Fisher v. Monster Beverage Corp. et al.
No. 12-cv-02118-VAP-OPx (C.D.Cal)
Plaintiffs Fisher, Townsend and Rucks bring this consumer class action against Monster Beverage Corporation and Monster Energy Company for falsely labeling their Monster Energy® Branded Drinks and failing to warn consumers of the health risks inherent in these drinks, specifically from the caffeine and other active ingredients like guarana, taurine, ginseng etc, that are combined to create Monster’s “proprietary energy blend.” Until recently, Monster labeled these drinks as a “dietary supplement” to avoid complying with federal safety regulations, but has announced that it will be changing the classification of the to Monster Energy® Branded Drinks to a conventional food. Plaintiffs allege that Monster has changed course to avoid having to report adverse effects of its products.
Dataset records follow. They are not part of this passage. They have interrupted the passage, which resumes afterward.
(* Let $G=(V,E)$ be a finite simple undirected graph and let $W\subseteq V$, $|W|\ge 2$, be a clique of $G$. Then \[ F_W:=\{x\in STAB(G)\mid x_W=1\}\subseteq STAB(G\mid W)\subseteq STAB(G). \]
   Context: For a graph $G=(V,E)$, $\mathcal S(G)\subseteq\{0,1\}^V$ is the set of characteristic vectors of stable sets of $G$, and $STAB(G)=\mathrm{conv}\,\mathcal S(G)$. For $W\subseteq V$ and $x\in\mathbb R^V$, $x_W=\sum_{v\in W}x_v$. $N(v)$ denotes the neighborhood of $v$ in $G$. The clique projection of a clique $W$ ($|W|\ge 2$) is the graph $G\mid W=(V,E\mid W)$ with $E\mid W=E\cup\{uv\notin E \mid u\neq v,\ W\subseteq N(u)\cup N(v)\}$. *)

theory Defs
  imports "HOL-Analysis.Analysis"
begin

definition simple_graph :: "'a set \<Rightarrow> 'a set set \<Rightarrow> bool" where
  "simple_graph V E \<longleftrightarrow> finite V \<and> (\<forall>e\<in>E. e \<subseteq> V \<and> card e = 2)"

definition neighborhood :: "'a set set \<Rightarrow> 'a \<Rightarrow> 'a set" where
  "neighborhood E v = {u. {u, v} \<in> E}"

definition is_clique :: "'a set \<Rightarrow> 'a set set \<Rightarrow> 'a set \<Rightarrow> bool" where
  "is_clique V E W \<longleftrightarrow> W \<subseteq> V \<and> (\<forall>u\<in>W. \<forall>v\<in>W. u \<noteq> v \<longrightarrow> {u, v} \<in> E)"

definition stable_set :: "'a set \<Rightarrow> 'a set set \<Rightarrow> 'a set \<Rightarrow> bool" where
  "stable_set V E S \<longleftrightarrow> S \<subseteq> V \<and> (\<forall>u\<in>S. \<forall>v\<in>S. {u, v} \<notin> E)"

text \<open>Vectors in R^V are represented as functions 'a => real vanishing outside V;
  characteristic vectors of stable sets.\<close>
definition stab_vectors :: "'a set \<Rightarrow> 'a set set \<Rightarrow> ('a \<Rightarrow> real) set" where
  "stab_vectors V E = {indicator S | S. stable_set V E S}"

text \<open>Convex hull of a set of functions 'a => real (the function space is not a
  real_vector instance in the library), written out as the set of finite convex combinations.\<close>
definition conv_fun :: "('a \<Rightarrow> real) set \<Rightarrow> ('a \<Rightarrow> real) set" where
  "conv_fun P = {x. \<exists>F c. finite F \<and> F \<subseteq> P \<and> (\<forall>p\<in>F. c p \<ge> 0) \<and> (\<Sum>p\<in>F. c p) = 1
      \<and> x = (\<lambda>v. \<Sum>p\<in>F. c p * p v)}"

definition STAB :: "'a set \<Rightarrow> 'a set set \<Rightarrow> ('a \<Rightarrow> real) set" where
  "STAB V E = conv_fun (stab_vectors V E)"

definition xsum :: "('a \<Rightarrow> real) \<Rightarrow> 'a set \<Rightarrow> real" where
  "xsum x W = (\<Sum>v\<in>W. x v)"

definition clique_proj :: "'a set \<Rightarrow> 'a set set \<Rightarrow> 'a set \<Rightarrow> 'a set set" where
  "clique_proj V E W = E \<union> {{u, v} | u v. u \<in> V \<and> v \<in> V \<and> u \<noteq> v \<and> {u, v} \<notin> E \<and>
      W \<subseteq> neighborhood E u \<union> neighborhood E v}"

end

theory Submission
  imports Defs
begin

text \<open>Every stable set meets the clique W at most once, so x_W \<le> 1 is valid for STAB(G) and
  F_W is a face. A point of that face is a convex combination of characteristic vectors of stable
  sets that meet W. Such a set S remains stable in G | W: a new edge uv with u, v \<in> S would have
  the vertex w \<in> W \<inter> S adjacent to u or v in G. Conversely G | W has more edges than G, so
  STAB(G | W) \<subseteq> STAB(G).\<close>

lemma conv_fun_mono: "P \<subseteq> Q \<Longrightarrow> conv_fun P \<subseteq> conv_fun Q"
  unfolding conv_fun_def by blast

lemma xsum_convex_combination:
  "xsum (\<lambda>v. \<Sum>p\<in>F. c p * p v) W = (\<Sum>p\<in>F. c p * xsum p W)"
  unfolding xsum_def by (simp only: sum_distrib_left) (rule sum.swap)

lemma conv_fun_face:
  assumes valid: "\<And>p. p \<in> P \<Longrightarrow> xsum p W \<le> 1"
    and x: "x \<in> conv_fun P" "xsum x W = 1"
  shows "x \<in> conv_fun {p \<in> P. xsum p W = 1}"
proof -
  obtain F c where F: "finite F" "F \<subseteq> P" "\<forall>p\<in>F. c p \<ge> 0" "(\<Sum>p\<in>F. c p) = 1"
    and x_eq: "x = (\<lambda>v. \<Sum>p\<in>F. c p * p v)"
    using x(1) unfolding conv_fun_def by blast
  \<comment> \<open>The slacks c p * (1 - p_W) are nonnegative and sum to 1 - x_W = 0, so they all vanish.\<close>
  have slack_nonneg: "0 \<le> c p * (1 - xsum p W)" if "p \<in> F" for p
    using that F(2,3) valid by auto
  have "(\<Sum>p\<in>F. c p * (1 - xsum p W)) = (\<Sum>p\<in>F. c p) - (\<Sum>p\<in>F. c p * xsum p W)"
    by (simp add: right_diff_distrib sum_subtractf)
  also have "\<dots> = 1 - xsum x W"
    unfolding x_eq xsum_convex_combination F(4) ..
  also have "\<dots> = 0" using x(2) by simp
  finally have slack_zero: "\<forall>p\<in>F. c p * (1 - xsum p W) = 0"
    using sum_nonneg_eq_0_iff[OF F(1) slack_nonneg] by simp
  define F' where "F' = {p \<in> F. c p \<noteq> 0}"
  have "F' \<subseteq> F" unfolding F'_def by auto
  have "F' \<subseteq> {p \<in> P. xsum p W = 1}"
    using slack_zero F(2) unfolding F'_def by auto
  moreover have "(\<Sum>p\<in>F'. c p) = 1"
    using F(4) sum.mono_neutral_left[OF F(1) \<open>F' \<subseteq> F\<close>, of c] by (auto simp: F'_def)
  moreover have "x = (\<lambda>v. \<Sum>p\<in>F'. c p * p v)"
    unfolding x_eq
    by (rule ext, rule sum.mono_neutral_right[OF F(1) \<open>F' \<subseteq> F\<close>]) (auto simp: F'_def)
  moreover have "finite F'" using \<open>F' \<subseteq> F\<close> F(1) by (rule finite_subset)
  moreover have "\<forall>p\<in>F'. c p \<ge> 0" using F(3) \<open>F' \<subseteq> F\<close> by blast
  ultimately show ?thesis
    unfolding conv_fun_def by blast
qed

lemma STAB_antimono: "E \<subseteq> E' \<Longrightarrow> STAB V E' \<subseteq> STAB V E"
  unfolding STAB_def stab_vectors_def stable_set_def
  by (rule conv_fun_mono) blast

lemma card_stable_inter_clique_le_1:
  assumes "is_clique V E W" "stable_set V E S" "finite W"
  shows "card (W \<inter> S) \<le> 1"
proof -
  have "\<forall>a\<in>W \<inter> S. \<forall>b\<in>W \<inter> S. a = b"
    using assms(1,2) unfolding is_clique_def stable_set_def by blast
  then show ?thesis using card_le_Suc0_iff_eq[of "W \<inter> S"] assms(3) by simp
qed

lemma xsum_indicator: "finite W \<Longrightarrow> xsum (indicator S) W = real (card (W \<inter> S))"
  unfolding xsum_def by (simp add: indicator_def sum.If_cases Int_def)

lemma stable_set_clique_proj:
  assumes S: "stable_set V E S" and w: "w \<in> W" "w \<in> S"
  shows "stable_set V (clique_proj V E W) S"
  unfolding stable_set_def
proof (intro conjI ballI)
  show "S \<subseteq> V" using S unfolding stable_set_def by auto
  fix u v assume uv: "u \<in> S" "v \<in> S"
  have not_added: "{u, v} \<noteq> {u', v'}" if "W \<subseteq> neighborhood E u' \<union> neighborhood E v'" for u' v'
  proof
    assume "{u, v} = {u', v'}"
    then have "u' \<in> S" "v' \<in> S" using uv by (auto simp: doubleton_eq_iff)
    moreover have "{w, u'} \<in> E \<or> {w, v'} \<in> E"
      using that w(1) unfolding neighborhood_def by blast
    ultimately show False using S w(2) unfolding stable_set_def by blast
  qed
  have "{u, v} \<notin> E" using S uv unfolding stable_set_def by blast
  then show "{u, v} \<notin> clique_proj V E W"
    unfolding clique_proj_def using not_added by auto
qed

lemma stab_vector_xsum_le_1:
  assumes "is_clique V E W" "finite W" "p \<in> stab_vectors V E"
  shows "xsum p W \<le> 1"
proof -
  obtain S where S: "p = indicator S" "stable_set V E S"
    using assms(3) unfolding stab_vectors_def by blast
  have "card (W \<inter> S) \<le> 1"
    using assms(1) S(2) assms(2) by (rule card_stable_inter_clique_le_1)
  then show ?thesis
    unfolding S(1) xsum_indicator[OF assms(2)] by simp
qed

lemma stab_vector_clique_proj:
  assumes "finite W" "p \<in> stab_vectors V E" "xsum p W = 1"
  shows "p \<in> stab_vectors V (clique_proj V E W)"
proof -
  obtain S where S: "p = indicator S" "stable_set V E S"
    using assms(2) unfolding stab_vectors_def by blast
  have "card (W \<inter> S) = 1"
    using assms(3) unfolding S(1) xsum_indicator[OF assms(1)] by simp
  then obtain w where "w \<in> W" "w \<in> S"
    by (metis card_1_singletonE IntD1 IntD2 insertI1)
  then have "stable_set V (clique_proj V E W) S"
    by (rule stable_set_clique_proj[OF S(2)])
  then show ?thesis
    unfolding stab_vectors_def S(1) by (intro CollectI exI[of _ S]) simp
qed

theorem lemma1:
  fixes V :: "'a set" and E :: "'a set set" and W :: "'a set"
  assumes "simple_graph V E"
    and "is_clique V E W"
    and "card W \<ge> 2"
  shows "{x \<in> STAB V E. xsum x W = 1} \<subseteq> STAB V (clique_proj V E W)
     \<and> STAB V (clique_proj V E W) \<subseteq> STAB V E"
proof
  have "finite W"
    using assms(1,2) unfolding simple_graph_def is_clique_def by (auto intro: finite_subset)
  have "{x \<in> STAB V E. xsum x W = 1} \<subseteq> conv_fun {p \<in> stab_vectors V E. xsum p W = 1}"
    using conv_fun_face stab_vector_xsum_le_1[OF assms(2) \<open>finite W\<close>] unfolding STAB_def by blast
  also have "\<dots> \<subseteq> STAB V (clique_proj V E W)"
    unfolding STAB_def
    by (rule conv_fun_mono) (use stab_vector_clique_proj[OF \<open>finite W\<close>] in blast)
  finally show "{x \<in> STAB V E. xsum x W = 1} \<subseteq> STAB V (clique_proj V E W)" .
  show "STAB V (clique_proj V E W) \<subseteq> STAB V E"
    by (rule STAB_antimono) (auto simp: clique_proj_def)
qed

end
The Amended Complaint attaches internal Monster documents demonstrating that the Company specifically target kids as young as 9-14 years of age. Monster also uses half-naked women and cool slogans, sponsors extreme sports and young athletes in the 13-21 age group as well as music festivals and musicians in its promotions and advertising to entice young people to consume Monster. Monster’s celebrity product sponsors look like they are drinking Monster Energy® drinks, but in fact are consuming water in a Monster Energy® drink look-alike can with Tour Water in small print on it. Monster Energy® cans carry no warning for teenagers and youth even though the company specifically targets people in the 13-21 age group in its promotions, advertising and marketing. Meanwhile, Monster is raking in over $2 Billion annually primarily from sales of the Monster Energy® drinks.